The Kenyan government suspended Worldcoin activities in early August, just a week after its official launch. An ad hoc 15-member bipartisan committee was formed two weeks later to investigate the project’s activities, with a 42-day window to submit findings.
Appearing before the committee on September 6, Blania defended his project, which he says has abided by all the country’s data and registration requirements.
Worldcoin, he said, is solving a critical challenge on the internet: proof of personhood.
“I am able to verify to the internet that I’m an actual human being and I’m unique, and that’s very important for many applications,” he stated.
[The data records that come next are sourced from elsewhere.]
(* Let $v\in\{\mathrm{RR},\mathrm{VV},\mathrm{VN},\mathrm{AZ}\}$ and let $\mathbf X_1=(X_{11},\ldots,X_{1d})^\top$ be a $d$-dimensional random vector with mean $\boldsymbol\mu$ and covariance $\boldsymbol\Sigma$ satisfying Assumption 1 for the variant $v$ and Assumption 2. Then $\sigma^2_{C^v}>0$ and hence $\sigma^2_{B^v}>0$.
   Context: MCVs: $C^{\mathrm{RR}}=\sqrt{(\det\boldsymbol\Sigma)^{1/d}/(\boldsymbol\mu^\top\boldsymbol\mu)}$, $C^{\mathrm{VV}}=\sqrt{\mathrm{tr}\boldsymbol\Sigma/(\boldsymbol\mu^\top\boldsymbol\mu)}$, $C^{\mathrm{VN}}=\sqrt{1/(\boldsymbol\mu^\top\boldsymbol\Sigma^{-1}\boldsymbol\mu)}$, $C^{\mathrm{AZ}}=\sqrt{\boldsymbol\mu^\top\boldsymbol\Sigma\boldsymbol\mu/(\boldsymbol\mu^\top\boldsymbol\mu)^2}$. Assumption 1 (for variant $v$): $\boldsymbol\mu\neq\mathbf 0$ and all coordinates have finite fourth moments; moreover for $v\in\{\mathrm{RR},\mathrm{VN}\}$, $\boldsymbol\Sigma$ is regular; for $v=\mathrm{VV}$, $\boldsymbol\Sigma\neq\mathbf 0_{d\times d}$; for $v=\mathrm{AZ}$, $\boldsymbol\mu^\top\boldsymbol\Sigma\boldsymbol\mu>0$. Assumption 2: no coordinate of $\mathbf X_1$ is conditionally two-point distributed, where the $r$-th coordinate $Y_r$ of a random vector $\mathbf Y\in\mathbb R^d$ is called conditionally two-point distributed if, given the remaining components $(Y_s)_{s\neq r}$, it is (conditionally) degenerate or takes (conditionally) only two different values with positive probability. $\boldsymbol\Psi_3,\boldsymbol\Psi_4$: $[\boldsymbol\Psi_3]_{(a-1)d+r,s}=E(X_{1a}X_{1r}X_{1s})-E(X_{1a}X_{1r})E(X_{1s})$, $[\boldsymbol\Psi_4]_{(a-1)d+r,(b-1)d+s}=E(X_{1a}X_{1r}X_{1b}X_{1s})-E(X_{1a}X_{1r})E(X_{1b}X_{1s})$. For $\mathbf x\in\mathbb R^d$, $[\widetilde{\mathbf D}(\mathbf x)]_{(a-1)d+r,s}=-x_r\mathbf 1\{s=a\neq r\}-2x_s\mathbf 1\{s=r=a\}-x_a\mathbf 1\{r=s\neq a\}$. $\mathrm{vec}$ stacks columns, $\otimes$ is the Kronecker product. Row vectors: $\mathbf A_{\mathrm{RR}}=\Big(-2d\det(\boldsymbol\Sigma)\frac{\boldsymbol\mu^\top}{(\boldsymbol\mu^\top\boldsymbol\mu)^{d+1}}+\frac{\det(\boldsymbol\Sigma)(\mathrm{vec}(\boldsymbol\Sigma^{-1}))^\top}{(\boldsymbol\mu^\top\boldsymbol\mu)^d}\widetilde{\mathbf D}(\boldsymbol\mu),\ \frac{\det(\boldsymbol\Sigma)(\mathrm{vec}(\boldsymbol\Sigma^{-1}))^\top}{(\boldsymbol\mu^\top\boldsymbol\mu)^d}\Big)$, $\mathbf A_{\mathrm{VV}}=\Big(-2\,\mathrm{tr}(\boldsymbol\Sigma)\frac{\boldsymbol\mu^\top}{(\boldsymbol\mu^\top\boldsymbol\mu)^2}+\frac{(\mathrm{vec}(\mathbf I_d))^\top\widetilde{\mathbf D}(\boldsymbol\mu)}{\boldsymbol\mu^\top\boldsymbol\mu},\ \frac{(\mathrm{vec}(\mathbf I_d))^\top}{\boldsymbol\mu^\top\boldsymbol\mu}\Big)$, $\mathbf A_{\mathrm{VN}}=\Big(2\boldsymbol\mu^\top\boldsymbol\Sigma^{-1}-[(\boldsymbol\mu^\top\boldsymbol\Sigma^{-1})\otimes(\boldsymbol\mu^\top\boldsymbol\Sigma^{-1})]\widetilde{\mathbf D}(\boldsymbol\mu),\ -(\boldsymbol\mu^\top\boldsymbol\Sigma^{-1})\otimes(\boldsymbol\mu^\top\boldsymbol\Sigma^{-1})\Big)$, $\mathbf A_{\mathrm{AZ}}=\Big(-4\boldsymbol\mu^\top\boldsymbol\Sigma\boldsymbol\mu\frac{\boldsymbol\mu^\top}{(\boldsymbol\mu^\top\boldsymbol\mu)^3}+2\frac{\boldsymbol\mu^\top\boldsymbol\Sigma}{(\boldsymbol\mu^\top\boldsymbol\mu)^2}+\frac{(\boldsymbol\mu^\top\otimes\boldsymbol\mu^\top)\widetilde{\mathbf D}(\boldsymbol\mu)}{(\boldsymbol\mu^\top\boldsymbol\mu)^2},\ \frac{\boldsymbol\mu^\top\otimes\boldsymbol\mu^\top}{(\boldsymbol\mu^\top\boldsymbol\mu)^2}\Big)$. $S_{\mathrm{RR}}=d^{-2}(C^{\mathrm{RR}})^{2-4d}$, $S_{\mathrm{VV}}=(C^{\mathrm{VV}})^{-2}$, $S_{\mathrm{VN}}=(C^{\mathrm{VN}})^{6}$, $S_{\mathrm{AZ}}=(C^{\mathrm{AZ}})^{-2}$; $\sigma^2_{C^v}=\frac{S_v}{4}\mathbf A_v(\boldsymbol\mu,\boldsymbol\Sigma)\begin{pmatrix}\boldsymbol\Sigma&\boldsymbol\Psi_3^\top\\\boldsymbol\Psi_3&\boldsymbol\Psi_4\end{pmatrix}\mathbf A_v(\boldsymbol\mu,\boldsymbol\Sigma)^\top$ and $\sigma^2_{B^v}=(C^v)^{-4}\sigma^2_{C^v}$. *)

theory Defs
  imports "HOL-Probability.Probability"
begin
(* Let $c \geq 5$ be an integer, let $G$ be a graph, and let $v$ be a vertex of $G$ that has odd degree or has a neighbor of degree at most $2$. Let $Y=\{v\}\cup N_1(v)\cup N_2(v)$. If $G$ has no odd $c$-coloring, but $(G,Y)$ has a semi-odd $c$-coloring, then $2d(v) \geq 2n_1(v) + n_2(v) + n_e(v) + c$.
   Context: $N_d(v)$ is the set of neighbors of $v$ of degree exactly $d$, $n_d(v)=|N_d(v)|$, and $d(v)$ is the degree of $v$. A vertex is easy if it has degree at least $3$ and either has odd degree or has a neighbor of degree at most $2$; $n_e(v)$ is the number of easy neighbors of $v$. An odd color of a vertex (under a partial coloring) is a color appearing an odd number of times among its colored neighbors. An odd $c$-coloring of a graph is a proper coloring with at most $c$ colors in which every non-isolated vertex has an odd color. For $Y\subseteq V(G)$, a semi-odd $c$-coloring of $(G,Y)$ is a proper $c$-coloring $\phi$ of $G-Y$ such that every vertex of $G-Y$ not in $N_G(Y)$ has a color appearing an odd number of times (under $\phi$) in its neighborhood. *)

theory Defs
  imports Main
begin

definition graph :: "'a set \<Rightarrow> ('a \<Rightarrow> 'a \<Rightarrow> bool) \<Rightarrow> bool" where
  "graph V E \<longleftrightarrow> finite V \<and> (\<forall>x y. E x y \<longrightarrow> x \<in> V \<and> y \<in> V)
     \<and> (\<forall>x y. E x y \<longrightarrow> E y x) \<and> (\<forall>x. \<not> E x x)"

definition nbrs :: "'a set \<Rightarrow> ('a \<Rightarrow> 'a \<Rightarrow> bool) \<Rightarrow> 'a \<Rightarrow> 'a set" where
  "nbrs V E v = {u \<in> V. E v u}"

definition deg :: "'a set \<Rightarrow> ('a \<Rightarrow> 'a \<Rightarrow> bool) \<Rightarrow> 'a \<Rightarrow> nat" where
  "deg V E v = card (nbrs V E v)"

definition Nd :: "'a set \<Rightarrow> ('a \<Rightarrow> 'a \<Rightarrow> bool) \<Rightarrow> nat \<Rightarrow> 'a \<Rightarrow> 'a set" where
  "Nd V E d v = {u \<in> nbrs V E v. deg V E u = d}"

definition nd :: "'a set \<Rightarrow> ('a \<Rightarrow> 'a \<Rightarrow> bool) \<Rightarrow> nat \<Rightarrow> 'a \<Rightarrow> nat" where
  "nd V E d v = card (Nd V E d v)"

definition easy :: "'a set \<Rightarrow> ('a \<Rightarrow> 'a \<Rightarrow> bool) \<Rightarrow> 'a \<Rightarrow> bool" where
  "easy V E u \<longleftrightarrow> deg V E u \<ge> 3 \<and>
     (odd (deg V E u) \<or> (\<exists>w \<in> nbrs V E u. deg V E w \<le> 2))"

definition ne :: "'a set \<Rightarrow> ('a \<Rightarrow> 'a \<Rightarrow> bool) \<Rightarrow> 'a \<Rightarrow> nat" where
  "ne V E v = card {u \<in> nbrs V E v. easy V E u}"
(* For odd $k\ge3$, let $G_k$ be the join of $k$ pairwise disjoint copies of the edgeless graph on three vertices (so $G_k$ has $3k$ vertices, and two vertices are adjacent iff they lie in different copies). Then $G_k$ is not chordal, $\alpha(G_k)=3$, and $\sum_{I\in\mathscr{C}(G_k)}(-1)^{|I|-1}=1+2^k$. Consequently, for events with $\Pr(A_v)=1$ for all vertices $v$ of $G_k$, the inequality $\Pr(\bigcup_v A_v)\ge\frac{1}{\alpha(G_k)}\sum_{I\in\mathscr{C}(G_k)}(-1)^{|I|-1}\Pr(\bigcap_{i\in I}A_i)$ fails.
   Context: A graph is chordal if it contains no cycle of length four or more as an induced subgraph. $\mathscr{C}(G)$ denotes the clique complex of $G$: the set of all non-empty subsets of vertices that are pairwise adjacent. $\alpha(G)$ denotes the independence number of $G$. *)

theory Defs
  imports "HOL-Probability.Probability"
begin

text \<open>Simple graphs are given by a vertex set V and a symmetric irreflexive
adjacency relation E.\<close>

definition induced_cycle :: "'v set \<Rightarrow> ('v \<Rightarrow> 'v \<Rightarrow> bool) \<Rightarrow> 'v list \<Rightarrow> bool" where
  "induced_cycle V E cs \<longleftrightarrow>
     length cs \<ge> 4 \<and> distinct cs \<and> set cs \<subseteq> V \<and>
     (\<forall>i < length cs. \<forall>j < length cs.
        E (cs ! i) (cs ! j) \<longleftrightarrow> (j = Suc i mod length cs \<or> i = Suc j mod length cs))"

definition chordal :: "'v set \<Rightarrow> ('v \<Rightarrow> 'v \<Rightarrow> bool) \<Rightarrow> bool" where
  "chordal V E \<longleftrightarrow> \<not> (\<exists>cs. induced_cycle V E cs)"

definition clique_complex :: "'v set \<Rightarrow> ('v \<Rightarrow> 'v \<Rightarrow> bool) \<Rightarrow> 'v set set" where
  "clique_complex V E = {I. I \<noteq> {} \<and> I \<subseteq> V \<and> (\<forall>u\<in>I. \<forall>v\<in>I. u \<noteq> v \<longrightarrow> E u v)}"

definition independent_set :: "'v set \<Rightarrow> ('v \<Rightarrow> 'v \<Rightarrow> bool) \<Rightarrow> 'v set \<Rightarrow> bool" where
  "independent_set V E S \<longleftrightarrow> S \<subseteq> V \<and> (\<forall>u\<in>S. \<forall>v\<in>S. \<not> E u v)"

definition independence_number :: "'v set \<Rightarrow> ('v \<Rightarrow> 'v \<Rightarrow> bool) \<Rightarrow> nat" where
  "independence_number V E = Max {card S | S. independent_set V E S}"

text \<open>G_k: the join of k disjoint copies of the edgeless graph on three vertices.
Vertex (i,j) is vertex j of copy i; vertices are adjacent iff in different copies.\<close>
definition Gk_V :: "nat \<Rightarrow> (nat \<times> nat) set" where
  "Gk_V k = {0..<k} \<times> {0..<3}"

definition Gk_E :: "nat \<times> nat \<Rightarrow> nat \<times> nat \<Rightarrow> bool" where
  "Gk_E u v \<longleftrightarrow> fst u \<noteq> fst v"

end

theory Submission
  imports Defs
begin

text \<open>
  Proof idea.  \<open>G\<^sub>k\<close> is the complete multipartite graph with \<open>k\<close> parts of size 3.  We work
  with parts of arbitrary size \<open>m\<close>: vertices \<open>(i, j)\<close> with \<open>i < k\<close>, \<open>j < m\<close>, adjacent iff their
  first components differ.
  \<^item> Two parts already span an induced 4-cycle, so the graph is not chordal once \<open>k \<ge> 2\<close>.
  \<^item> An independent set lies inside a single part, so \<open>\<alpha> = m\<close> once \<open>k \<ge> 1\<close>.
  \<^item> Cliques together with the empty set are the partial transversals of the parts, i.e. the
    sets on which \<open>fst\<close> is injective.  Adding the part \<open>k\<close> either leaves a transversal alone
    or adds one of \<open>m\<close> new vertices, so \<open>\<Sum>(-1)^|I| = (1 - m)^k\<close> by induction, and the clique
    complex sum is \<open>1 - (1 - m)^k\<close>, which is \<open>1 + 2^k\<close> for \<open>m = 3\<close> and odd \<open>k\<close>.
  \<^item> For events of probability 1 every finite nonempty intersection has probability 1, so
    the probabilistic clique sum collapses to the combinatorial one, giving a right-hand side
    \<open>(1 + 2^k)/3 > 1\<close> for \<open>k \<ge> 3\<close>, while the union has probability at most 1.
\<close>

definition multipartite_V :: "nat \<Rightarrow> nat \<Rightarrow> (nat \<times> nat) set" where
  "multipartite_V k m = {0..<k} \<times> {0..<m}"

lemma Gk_V_multipartite: "Gk_V k = multipartite_V k 3"
  by (simp add: Gk_V_def multipartite_V_def)

lemma finite_multipartite_V [simp]: "finite (multipartite_V k m)"
  by (simp add: multipartite_V_def)

lemma multipartite_not_chordal:
  assumes "k \<ge> 2" and "m \<ge> 2"
  shows "\<not> chordal (multipartite_V k m) Gk_E"
proof -
  have "induced_cycle (multipartite_V k m) Gk_E [(0, 0), (1, 0), (0, 1), (1, 1)]"
    unfolding induced_cycle_def using assms
    by (simp add: All_less_Suc2 multipartite_V_def Gk_E_def)
  then show ?thesis by (auto simp: chordal_def)
qed

lemma independent_subset_part:
  assumes "independent_set (multipartite_V k m) Gk_E S" and "u \<in> S"
  shows "S \<subseteq> {fst u} \<times> {0..<m}"
proof
  fix v assume "v \<in> S"
  then have "fst v = fst u"
    using assms unfolding independent_set_def Gk_E_def by blast
  moreover have "snd v < m"
    using assms \<open>v \<in> S\<close> unfolding independent_set_def multipartite_V_def by auto
  ultimately show "v \<in> {fst u} \<times> {0..<m}" by (cases v) auto
qed

lemma independent_card_le:
  assumes "independent_set (multipartite_V k m) Gk_E S"
  shows "card S \<le> m"
proof (cases "S = {}")
  case False
  then obtain u where "u \<in> S" by auto
  then have "card S \<le> card ({fst u} \<times> {0..<m})"
    using independent_subset_part[OF assms] by (intro card_mono) auto
  then show ?thesis by simp
qed simp

lemma multipartite_independence_number:
  assumes "k \<ge> 1"
  shows "independence_number (multipartite_V k m) Gk_E = m"
proof -
  let ?cards = "{card S | S. independent_set (multipartite_V k m) Gk_E S}"
  have "independent_set (multipartite_V k m) Gk_E ({0} \<times> {0..<m})"
    using assms by (auto simp: independent_set_def multipartite_V_def Gk_E_def)
  then have "m \<in> ?cards" by force
  moreover have "?cards \<subseteq> {..m}" using independent_card_le by auto
  ultimately show ?thesis unfolding independence_number_def
    by (intro Max_eqI) (auto intro: finite_subset)
qed

definition transversals :: "nat \<Rightarrow> nat \<Rightarrow> (nat \<times> nat) set set" where
  "transversals k m = {I. I \<subseteq> multipartite_V k m \<and> inj_on fst I}"

lemma finite_transversals: "finite (transversals k m)"
  by (rule finite_subset[of _ "Pow (multipartite_V k m)"]) (auto simp: transversals_def)

lemma transversal_finite: "I \<in> transversals k m \<Longrightarrow> finite I"
  unfolding transversals_def by (auto intro: finite_subset[OF _ finite_multipartite_V])

lemma clique_complex_multipartite:
  "clique_complex (multipartite_V k m) Gk_E = transversals k m - {{}}"
  by (auto simp: clique_complex_def transversals_def Gk_E_def inj_on_def)

lemma new_vertex_notin_transversal: "I \<in> transversals k m \<Longrightarrow> (k, j) \<notin> I"
  by (auto simp: transversals_def multipartite_V_def)

lemma transversals_Suc:
  "transversals (Suc k) m = transversals k m \<union> (\<Union>j<m. insert (k, j) ` transversals k m)"
proof (intro equalityI subsetI)
  fix I assume I: "I \<in> transversals (Suc k) m"
  show "I \<in> transversals k m \<union> (\<Union>j<m. insert (k, j) ` transversals k m)"
  proof (cases "\<exists>j. (k, j) \<in> I")
    case False
    then have "I \<in> transversals k m"
      using I by (force simp: transversals_def multipartite_V_def less_Suc_eq)
    then show ?thesis by blast
  next
    case True
    then obtain j where j: "(k, j) \<in> I" by auto
    then have "j < m" using I by (auto simp: transversals_def multipartite_V_def)
    have "fst v \<noteq> k" if "v \<in> I" and "v \<noteq> (k, j)" for v
      using I j that by (auto simp: transversals_def inj_on_def)
    then have "I - {(k, j)} \<in> transversals k m"
      using I by (force simp: transversals_def multipartite_V_def less_Suc_eq inj_on_def)
    moreover have "I = insert (k, j) (I - {(k, j)})" using j by auto
    ultimately show ?thesis using \<open>j < m\<close> by blast
  qed
next
  fix I assume "I \<in> transversals k m \<union> (\<Union>j<m. insert (k, j) ` transversals k m)"
  then show "I \<in> transversals (Suc k) m"
    by (force simp: transversals_def multipartite_V_def)
qed

lemma transversals_alternating_sum:
  "(\<Sum>I\<in>transversals k m. (-1::int) ^ card I) = (1 - int m) ^ k"
proof (induction k)
  case 0
  have "transversals 0 m = {{}}" by (auto simp: transversals_def multipartite_V_def)
  then show ?case by simp
next
  case (Suc k)
  let ?T = "transversals k m" and ?f = "\<lambda>I. (-1::int) ^ card I"
  note fresh = new_vertex_notin_transversal
  have inj: "inj_on (insert (k, j)) ?T" for j
    by (rule inj_onI) (metis fresh insert_ident)
  text \<open>Adding a fresh vertex flips the sign of every term.\<close>
  have extend: "sum ?f (insert (k, j) ` ?T) = - sum ?f ?T" for j
    by (simp add: sum.reindex[OF inj] fresh transversal_finite sum_negf)
  have "sum ?f (\<Union>j<m. insert (k, j) ` ?T) = (\<Sum>j<m. sum ?f (insert (k, j) ` ?T))"
    by (rule sum.UNION_disjoint) (auto simp: finite_transversals dest: fresh)
  then have "sum ?f (transversals (Suc k) m) = sum ?f ?T + int m * (- sum ?f ?T)"
    unfolding transversals_Suc
    by (subst sum.union_disjoint) (auto simp: finite_transversals extend dest: fresh)
  then show ?case using Suc by (simp add: algebra_simps)
qed

lemma multipartite_clique_sum:
  "(\<Sum>I\<in>clique_complex (multipartite_V k m) Gk_E. (-1::int) ^ (card I - 1)) = 1 - (1 - int m) ^ k"
proof -
  let ?T = "transversals k m"
  have sign: "(-1::int) ^ (card I - 1) = - ((-1) ^ card I)" if "I \<in> ?T - {{}}" for I
    using that transversal_finite by (cases "card I") auto
  have "{} \<in> ?T" by (simp add: transversals_def)
  have "(\<Sum>I\<in>?T - {{}}. (-1::int) ^ (card I - 1)) = (\<Sum>I\<in>?T - {{}}. - ((-1) ^ card I))"
    by (rule sum.cong[OF refl sign])
  also have "\<dots> = - ((\<Sum>I\<in>?T. (-1) ^ card I) - 1)"
    using \<open>{} \<in> ?T\<close> by (simp add: sum.remove[OF finite_transversals] sum_negf)
  finally show ?thesis
    by (simp add: clique_complex_multipartite transversals_alternating_sum)
qed

lemma (in prob_space) prob_INT_eq_1:
  assumes "finite I" and "I \<noteq> {}" and "\<And>i. i \<in> I \<Longrightarrow> A i \<in> events \<and> prob (A i) = 1"
  shows "prob (\<Inter>i\<in>I. A i) = 1"
proof -
  have "AE x in M. \<forall>i\<in>I. x \<in> A i"
    using assms by (intro AE_finite_allI AE_prob_1) auto
  moreover have "(\<Inter>i\<in>I. A i) \<in> events" using assms by (intro sets.finite_INT) auto
  ultimately show ?thesis by (subst prob_eq_1) auto
qed

lemma (in prob_space) clique_sum_prob_1:
  assumes "finite V" and "\<forall>v\<in>V. A v \<in> events \<and> prob (A v) = 1"
  shows "(\<Sum>I\<in>clique_complex V E. (-1::real) ^ (card I - 1) * prob (\<Inter>i\<in>I. A i))
       = real_of_int (\<Sum>I\<in>clique_complex V E. (-1::int) ^ (card I - 1))"
proof -
  have "prob (\<Inter>i\<in>I. A i) = 1" if "I \<in> clique_complex V E" for I
    using that assms by (intro prob_INT_eq_1) (auto simp: clique_complex_def intro: finite_subset)
  then show ?thesis by simp
qed

theorem mainTheorem11:
  fixes k :: nat
  assumes "odd k" and "k \<ge> 3"
  shows "\<not> chordal (Gk_V k) Gk_E
    \<and> independence_number (Gk_V k) Gk_E = 3
    \<and> (\<Sum>I\<in>clique_complex (Gk_V k) Gk_E. (-1::int) ^ (card I - 1)) = 1 + 2 ^ k
    \<and> (\<forall>(M :: 'a measure) (A :: nat \<times> nat \<Rightarrow> 'a set).
          prob_space M \<and> (\<forall>v\<in>Gk_V k. A v \<in> sets M \<and> measure M (A v) = 1) \<longrightarrow>
          \<not> (measure M (\<Union>v\<in>Gk_V k. A v) \<ge>
               1 / real (independence_number (Gk_V k) Gk_E) *
               (\<Sum>I\<in>clique_complex (Gk_V k) Gk_E.
                  (-1::real) ^ (card I - 1) * measure M (\<Inter>i\<in>I. A i))))"
proof -
  have alpha: "independence_number (Gk_V k) Gk_E = 3"
    using assms by (simp add: Gk_V_multipartite multipartite_independence_number)
  have sum: "(\<Sum>I\<in>clique_complex (Gk_V k) Gk_E. (-1::int) ^ (card I - 1)) = 1 + 2 ^ k"
    using assms(1) unfolding Gk_V_multipartite multipartite_clique_sum by simp
  have "(2::real) ^ 3 \<le> 2 ^ k" using assms(2) by (intro power_increasing) auto
  then have big: "1 < 1 / real (3::nat) * (1 + (2::real) ^ k)" by simp
  have "\<not> measure M (\<Union>v\<in>Gk_V k. A v) \<ge> 1 / real (independence_number (Gk_V k) Gk_E) *
          (\<Sum>I\<in>clique_complex (Gk_V k) Gk_E. (-1::real) ^ (card I - 1) * measure M (\<Inter>i\<in>I. A i))"
    if "prob_space M" and A: "\<forall>v\<in>Gk_V k. A v \<in> sets M \<and> measure M (A v) = 1"
    for M :: "'a measure" and A
  proof -
    interpret prob_space M by fact
    have "(\<Sum>I\<in>clique_complex (Gk_V k) Gk_E. (-1::real) ^ (card I - 1) * prob (\<Inter>i\<in>I. A i))
        = real_of_int (\<Sum>I\<in>clique_complex (Gk_V k) Gk_E. (-1::int) ^ (card I - 1))"
      using A by (intro clique_sum_prob_1) (auto simp: Gk_V_def)
    also have "\<dots> = 1 + 2 ^ k" unfolding sum by simp
    finally have rhs: "(\<Sum>I\<in>clique_complex (Gk_V k) Gk_E.
        (-1::real) ^ (card I - 1) * prob (\<Inter>i\<in>I. A i)) = 1 + 2 ^ k" .
    show ?thesis
      unfolding alpha rhs using big prob_le_1[of "\<Union>v\<in>Gk_V k. A v"] by linarith
  qed
  then show ?thesis
    using assms alpha sum by (simp add: Gk_V_multipartite multipartite_not_chordal)
qed

end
Blania, the CEO of Worldcoin’s parent company, Tools for Humanity, also defended the company against accusations of operating without a license. He claimed that under Kenyan laws, the company has no obligation to get registered.
“Worldcoin understands the Business Registration Service Act. We have looked at the description as to what constitutes actual activities – the buying and selling of goods – and concluded we were under no obligation to register. We work with local partners who would have that obligation,” he told the lawmakers.
Blania further shifted the blame to Kenyan authorities, claiming the Worldcoin Foundation applied for registration but has not heard back for months.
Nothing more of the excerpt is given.